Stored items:

↓↓↓

section \<open>Changing variables from E_phi to E_{pi/2}\<close>

(* Rot phi is the rotation taking the vertical unit vector to (cos phi, sin phi). *)
definition Rot :: "real \<Rightarrow> real \<times> real \<Rightarrow> real \<times> real" where
  "Rot \<phi> p = (fst p * sin \<phi> + snd p * cos \<phi>, snd p * sin \<phi> - fst p * cos \<phi>)"

definition Rot_inv :: "real \<Rightarrow> real \<times> real \<Rightarrow> real \<times> real" where
  "Rot_inv \<phi> p = (fst p * sin \<phi> - snd p * cos \<phi>, fst p * cos \<phi> + snd p * sin \<phi>)"

lemma Rot_Rot_inv: "Rot \<phi> (Rot_inv \<phi> p) = p"
proof -
  have "(sin \<phi>)\<^sup>2 + (cos \<phi>)\<^sup>2 = 1" by simp
  then show ?thesis unfolding Rot_def Rot_inv_def
    by (cases p) (simp add: algebra_simps power2_eq_square flip: distrib_left)
qed

lemma Rot_inv_Rot: "Rot_inv \<phi> (Rot \<phi> p) = p"
proof -
  have "(sin \<phi>)\<^sup>2 + (cos \<phi>)\<^sup>2 = 1" by simp
  then show ?thesis unfolding Rot_def Rot_inv_def
    by (cases p) (simp add: algebra_simps power2_eq_square flip: distrib_left)
qed

lemma Rot_inv_pi_half: "Rot_inv (pi/2) p = p"
  by (simp add: Rot_inv_def)

lemma dist_pair: "dist (a::real, b::real) (c, d) = sqrt ((a - c)\<^sup>2 + (b - d)\<^sup>2)"
  by (simp add: dist_Pair_Pair dist_real_def)

lemma dist_Rot: "dist (Rot \<phi> p) (Rot \<phi> q) = dist p q"
proof -
  obtain a b c d where pq: "p = (a, b)" "q = (c, d)" by (cases p, cases q)
  have "(a * sin \<phi> + b * cos \<phi> - (c * sin \<phi> + d * cos \<phi>))\<^sup>2
          + (b * sin \<phi> - a * cos \<phi> - (d * sin \<phi> - c * cos \<phi>))\<^sup>2
      = ((a - c)\<^sup>2 + (b - d)\<^sup>2) * ((sin \<phi>)\<^sup>2 + (cos \<phi>)\<^sup>2)"
    unfolding power2_eq_square by algebra
  then show ?thesis unfolding pq Rot_def dist_pair by simp
qed
(* Let $G\in\Gamma_0(\mathbb{R}^n)$ be partly smooth at $x^\star$ relative to an affine or linear manifold $\mathcal{M}_G$ (so $\mathcal{M}_G = x^\star + T$ with $T\eqdef T^G_{x^\star}$), and let $\widetilde{G}$ be a $C^2$ smooth representative of $G$ on $\mathcal{M}_G$ near $x^\star$. For $h\in\mathbb{R}^n$ let $x^\star_h \eqdef x^\star + P_{T} h$. Then, as $h\to 0$, \[ e_G^{x^\star_h} = e_G^{x^\star} + P_{T}\nabla^2\widetilde{G}(x^\star) P_{T} h + o(h), \] and moreover, for every $h\in\mathbb{R}^n$, \[ \big\langle P_{T}\nabla^2\widetilde{G}(x^\star)P_{T} h,\, h\big\rangle \geq 0 . \]
   Context: $\Gamma_0(\mathbb{R}^n)$: proper lsc convex functions. For $x$ with $\partial G(x)\neq\emptyset$, $T^G_x\eqdef \mathrm{Lin}(\partial G(x))^\perp$ ($\mathrm{Lin}(C)$ the subspace parallel to the affine hull of $C$) and $e_G^x \eqdef P_{T^G_x}(\partial G(x))$ (a singleton). $G$ is partly smooth at $x$ relative to $\mathcal{M}\ni x$ if $\mathcal{M}$ is a $C^2$-manifold around $x$ with $G|_{\mathcal{M}}$ $C^2$ near $x$, the tangent space of $\mathcal{M}$ at $x$ is $T^G_x$, and $\partial G$ is continuous at $x$ relative to $\mathcal{M}$. A $C^2$ smooth representative $\widetilde G$ is a $C^2$ function on a neighbourhood of $x^\star$ agreeing with $G$ on $\mathcal{M}_G$; $\nabla^2\widetilde G$ is its Euclidean Hessian. $P_T$ is the orthogonal projector onto $T$. *)

theory Defs
  imports "HOL-Analysis.Analysis" "HOL-Library.Extended_Real"
begin

definition epigraph_e :: "('a::euclidean_space \<Rightarrow> ereal) \<Rightarrow> ('a \<times> real) set" where
  "epigraph_e G = {(x, r). G x \<le> ereal r}"

definition Gamma0 :: "('a::euclidean_space \<Rightarrow> ereal) \<Rightarrow> bool" where
  "Gamma0 G \<longleftrightarrow> (\<forall>x. G x \<noteq> -\<infinity>) \<and> (\<exists>x. G x \<noteq> \<infinity>)
      \<and> convex (epigraph_e G) \<and> closed (epigraph_e G)"

text \<open>Convex subdifferential (empty outside the domain).\<close>
definition subdiff :: "('a::euclidean_space \<Rightarrow> ereal) \<Rightarrow> 'a \<Rightarrow> 'a set" where
  "subdiff G x = {v. \<bar>G x\<bar> \<noteq> \<infinity> \<and> (\<forall>y. G x + ereal (v \<bullet> (y - x)) \<le> G y)}"

text \<open>Lin(C): the subspace parallel to the affine hull of C.\<close>
definition Lin :: "'a::euclidean_space set \<Rightarrow> 'a set" where
  "Lin C = span {a - b | a b. a \<in> C \<and> b \<in> C}"

definition Tmodel :: "('a::euclidean_space \<Rightarrow> ereal) \<Rightarrow> 'a \<Rightarrow> 'a set" where
  "Tmodel G x = orthogonal_comp (Lin (subdiff G x))"

definition proj :: "'a::euclidean_space set \<Rightarrow> 'a \<Rightarrow> 'a" where
  "proj T v = closest_point T v"

definition eG :: "('a::euclidean_space \<Rightarrow> ereal) \<Rightarrow> 'a \<Rightarrow> 'a" where
  "eG G x = (THE e. proj (Tmodel G x) ` subdiff G x = {e})"

definition C2_on :: "'a::euclidean_space set \<Rightarrow> ('a \<Rightarrow> real) \<Rightarrow> ('a \<Rightarrow> 'a)
                      \<Rightarrow> ('a \<Rightarrow> ('a \<Rightarrow>\<^sub>L 'a)) \<Rightarrow> bool" where
  "C2_on U f g H \<longleftrightarrow> open U
     \<and> (\<forall>y\<in>U. (f has_derivative (\<lambda>v. g y \<bullet> v)) (at y))
     \<and> (\<forall>y\<in>U. (g has_derivative blinfun_apply (H y)) (at y))
     \<and> continuous_on U H"

definition smooth_rep :: "('a::euclidean_space \<Rightarrow> ereal) \<Rightarrow> 'a set \<Rightarrow> 'a \<Rightarrow> 'a set
      \<Rightarrow> ('a \<Rightarrow> real) \<Rightarrow> ('a \<Rightarrow> 'a) \<Rightarrow> ('a \<Rightarrow> ('a \<Rightarrow>\<^sub>L 'a)) \<Rightarrow> bool" where
  "smooth_rep G M x U f g H \<longleftrightarrow> x \<in> U \<and> C2_on U f g H \<and> (\<forall>y\<in>M \<inter> U. G y = ereal (f y))"

text \<open>Continuity of \<partial>G at x relative to M (Painleve-Kuratowski):
  outer limit \<subseteq> \<partial>G(x) \<subseteq> inner limit.\<close>
definition subdiff_cont_rel :: "('a::euclidean_space \<Rightarrow> ereal) \<Rightarrow> 'a \<Rightarrow> 'a set \<Rightarrow> bool" where
  "subdiff_cont_rel G x M \<longleftrightarrow>
     (\<forall>v\<in>subdiff G x. \<forall>\<epsilon>>0. \<exists>\<delta>>0. \<forall>y\<in>M. dist y x < \<delta> \<longrightarrow> (\<exists>w\<in>subdiff G y. dist w v < \<epsilon>))
   \<and> (\<forall>v. (\<forall>\<epsilon>>0. \<forall>\<delta>>0. \<exists>y\<in>M. dist y x < \<delta> \<and> (\<exists>w\<in>subdiff G y. dist w v < \<epsilon>))
            \<longrightarrow> v \<in> subdiff G x)"

text \<open>Partial smoothness at x relative to an affine manifold M.  An affine set
  is a C^2 manifold whose tangent space at x is the parallel subspace {y - x | y \<in> M}.\<close>
definition partly_smooth_affine :: "('a::euclidean_space \<Rightarrow> ereal) \<Rightarrow> 'a \<Rightarrow> 'a set \<Rightarrow> bool" where
  "partly_smooth_affine G x M \<longleftrightarrow>
     subdiff G x \<noteq> {} \<and> affine M \<and> x \<in> M
   \<and> (\<exists>U f g H. smooth_rep G M x U f g H)
   \<and> (\<lambda>y. y - x) ` M = Tmodel G x
   \<and> subdiff_cont_rel G x M"
(* Let $S$ be a semigroup, let $a\in S$, and define $P=\{x\in Sa : x\,\mathscr L\, ax\}$. If $aSa\subseteq\operatorname{Reg}(S)$, then $P\subseteq\operatorname{Reg}(S)$; consequently, in this case $\operatorname{Reg}(Sa)=P$, and this set is a right ideal of the semigroup $Sa$ (i.e. $xy\in P$ for all $x\in P$, $y\in Sa$).
   Context: $Sa=\{xa:x\in S\}$, $aSa=\{axa:x\in S\}$. For a semigroup $T$, $\operatorname{Reg}(T)=\{x\in T: x=xyx \text{ for some } y\in T\}$. $\mathscr L$ is Green's $\mathscr L$-relation on $S$: $x\,\mathscr L\,y$ iff $S^1x=S^1y$, $S^1$ being $S$ with an identity adjoined if necessary. *)

theory Defs
  imports Main
begin

text \<open>The semigroup S is the carrier (UNIV) of a type of class semigroup_mult.\<close>

definition left_mult_set :: "'a::semigroup_mult \<Rightarrow> 'a set" where
  "left_mult_set a = {x * a | x. True}"

definition sandwich_set :: "'a::semigroup_mult \<Rightarrow> 'a set" where
  "sandwich_set a = {a * x * a | x. True}"

definition Reg_in :: "'a::semigroup_mult set \<Rightarrow> 'a set" where
  "Reg_in T = {x \<in> T. \<exists>y \<in> T. x = x * y * x}"

abbreviation Reg :: "'a::semigroup_mult set" where
  "Reg \<equiv> Reg_in UNIV"

definition principal_left :: "'a::semigroup_mult \<Rightarrow> 'a set" where
  "principal_left x = insert x {s * x | s. True}"

definition green_L :: "'a::semigroup_mult \<Rightarrow> 'a \<Rightarrow> bool" where
  "green_L x y \<longleftrightarrow> principal_left x = principal_left y"

end

theory Submission
  imports Defs
begin

text \<open>If \<open>x \<L> ax\<close>, then \<open>x = t a x\<close> for some \<open>t \<in> S\<^sup>1\<close>, and an inverse \<open>y\<close> of \<open>ax\<close> gives
  \<open>x = t (ax) y (ax) = x (y a) x\<close>; as \<open>ya \<in> Sa\<close>, \<open>x\<close> is regular in the semigroup \<open>Sa\<close>.
  Conversely, if \<open>x = x z x\<close> with \<open>z = w a \<in> Sa\<close>, then \<open>x y = (x w) a (x y)\<close> for every
  \<open>y\<close>, so \<open>x y \<L> a x y\<close>; with \<open>y = z x\<close> (so \<open>x y = x\<close>) this gives both \<open>Reg(Sa) \<subseteq> P\<close> and the right ideal property.\<close>

lemma left_mult_set_iff: "x \<in> left_mult_set a \<longleftrightarrow> (\<exists>s. x = s * a)"
  unfolding left_mult_set_def by blast

lemma principal_left_subset:
  fixes u v :: "'a::semigroup_mult"
  assumes "u \<in> principal_left v"
  shows "principal_left u \<subseteq> principal_left v"
  using assms unfolding principal_left_def by (auto simp: mult.assoc[symmetric])

lemma green_L_left_mult_iff:
  fixes a u :: "'a::semigroup_mult"
  shows "green_L u (a * u) \<longleftrightarrow> u \<in> principal_left (a * u)"
proof
  assume "u \<in> principal_left (a * u)"
  moreover have "a * u \<in> principal_left u" unfolding principal_left_def by blast
  ultimately show "green_L u (a * u)"
    unfolding green_L_def using principal_left_subset by blast
qed (auto simp: green_L_def principal_left_def)

lemma green_L_left_mult_if_eq:
  fixes a u v :: "'a::semigroup_mult"
  assumes "u = v * (a * u)"
  shows "green_L u (a * u)"
  using assms unfolding green_L_left_mult_iff principal_left_def by blast

lemma regular_in_left_mult_set_if_green_L:
  fixes a x :: "'a::semigroup_mult"
  assumes "x \<in> left_mult_set a" and "green_L x (a * x)" and "a * x \<in> Reg"
  shows "x \<in> Reg_in (left_mult_set a)"
proof -
  obtain y where y: "a * x = a * x * y * (a * x)"
    using assms(3) unfolding Reg_in_def by blast
  from assms(2) consider "x = a * x" | t where "x = t * (a * x)"
    unfolding green_L_left_mult_iff principal_left_def by blast
  then have "x = x * (y * a) * x"
  proof cases
    case 1
    with y have "x = x * y * (a * x)" by simp
    then show ?thesis by (metis mult.assoc)
  next
    case 2
    with y show ?thesis by (metis mult.assoc)
  qed
  moreover have "y * a \<in> left_mult_set a" unfolding left_mult_set_iff by blast
  ultimately show ?thesis using assms(1) unfolding Reg_in_def by blast
qed

lemma green_L_right_mult_of_regular_in_left_mult_set:
  fixes a x :: "'a::semigroup_mult"
  assumes "x \<in> Reg_in (left_mult_set a)"
  shows "green_L (x * y) (a * (x * y))"
proof -
  obtain z where "z \<in> left_mult_set a" "x = x * z * x"
    using assms unfolding Reg_in_def by blast
  then obtain w where "x = x * (w * a) * x" unfolding left_mult_set_iff by blast
  then have "x * y = (x * w) * (a * (x * y))" by (metis mult.assoc)
  then show ?thesis by (rule green_L_left_mult_if_eq)
qed

lemma right_mult_mem_left_mult_set:
  "y \<in> left_mult_set a \<Longrightarrow> x * y \<in> left_mult_set a"
  unfolding left_mult_set_iff by (metis mult.assoc)

lemma left_mult_mem_sandwich_set:
  "x \<in> left_mult_set a \<Longrightarrow> a * x \<in> sandwich_set a"
  unfolding left_mult_set_iff sandwich_set_def by (auto simp: mult.assoc)

lemma Reg_in_subset_Reg: "Reg_in T \<subseteq> Reg"
  unfolding Reg_in_def by blast

theorem corollary3p3:
  fixes a :: "'a::semigroup_mult"
  defines "P \<equiv> {x \<in> left_mult_set a. green_L x (a * x)}"
  assumes "sandwich_set a \<subseteq> Reg"
  shows "P \<subseteq> Reg \<and> Reg_in (left_mult_set a) = P
         \<and> (\<forall>x \<in> P. \<forall>y \<in> left_mult_set a. x * y \<in> P)"
proof -
  have P_sub: "P \<subseteq> Reg_in (left_mult_set a)"
    using assms(2) left_mult_mem_sandwich_set regular_in_left_mult_set_if_green_L
    unfolding P_def by blast
  moreover have "x \<in> P" if "x \<in> Reg_in (left_mult_set a)" for x
  proof -
    from that obtain z where "x = x * z * x" unfolding Reg_in_def by blast
    then have "x = x * (z * x)" by (simp add: mult.assoc)
    moreover have "green_L (x * (z * x)) (a * (x * (z * x)))"
      using that by (rule green_L_right_mult_of_regular_in_left_mult_set)
    ultimately show ?thesis using that unfolding P_def Reg_in_def by simp
  qed
  moreover have "x * y \<in> P" if "x \<in> P" and "y \<in> left_mult_set a" for x y
    using that P_sub green_L_right_mult_of_regular_in_left_mult_set
      right_mult_mem_left_mult_set unfolding P_def by blast
  ultimately show ?thesis using Reg_in_subset_Reg by blast
qed

end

↑↑↑

Task statement: Scan the data above and report each line in which "times" is present.

Response to this exercise:
definition Rot :: "real \<Rightarrow> real \<times> real \<Rightarrow> real \<times> real" where
definition Rot_inv :: "real \<Rightarrow> real \<times> real \<Rightarrow> real \<times> real" where
definition epigraph_e :: "('a::euclidean_space \<Rightarrow> ereal) \<Rightarrow> ('a \<times> real) set" where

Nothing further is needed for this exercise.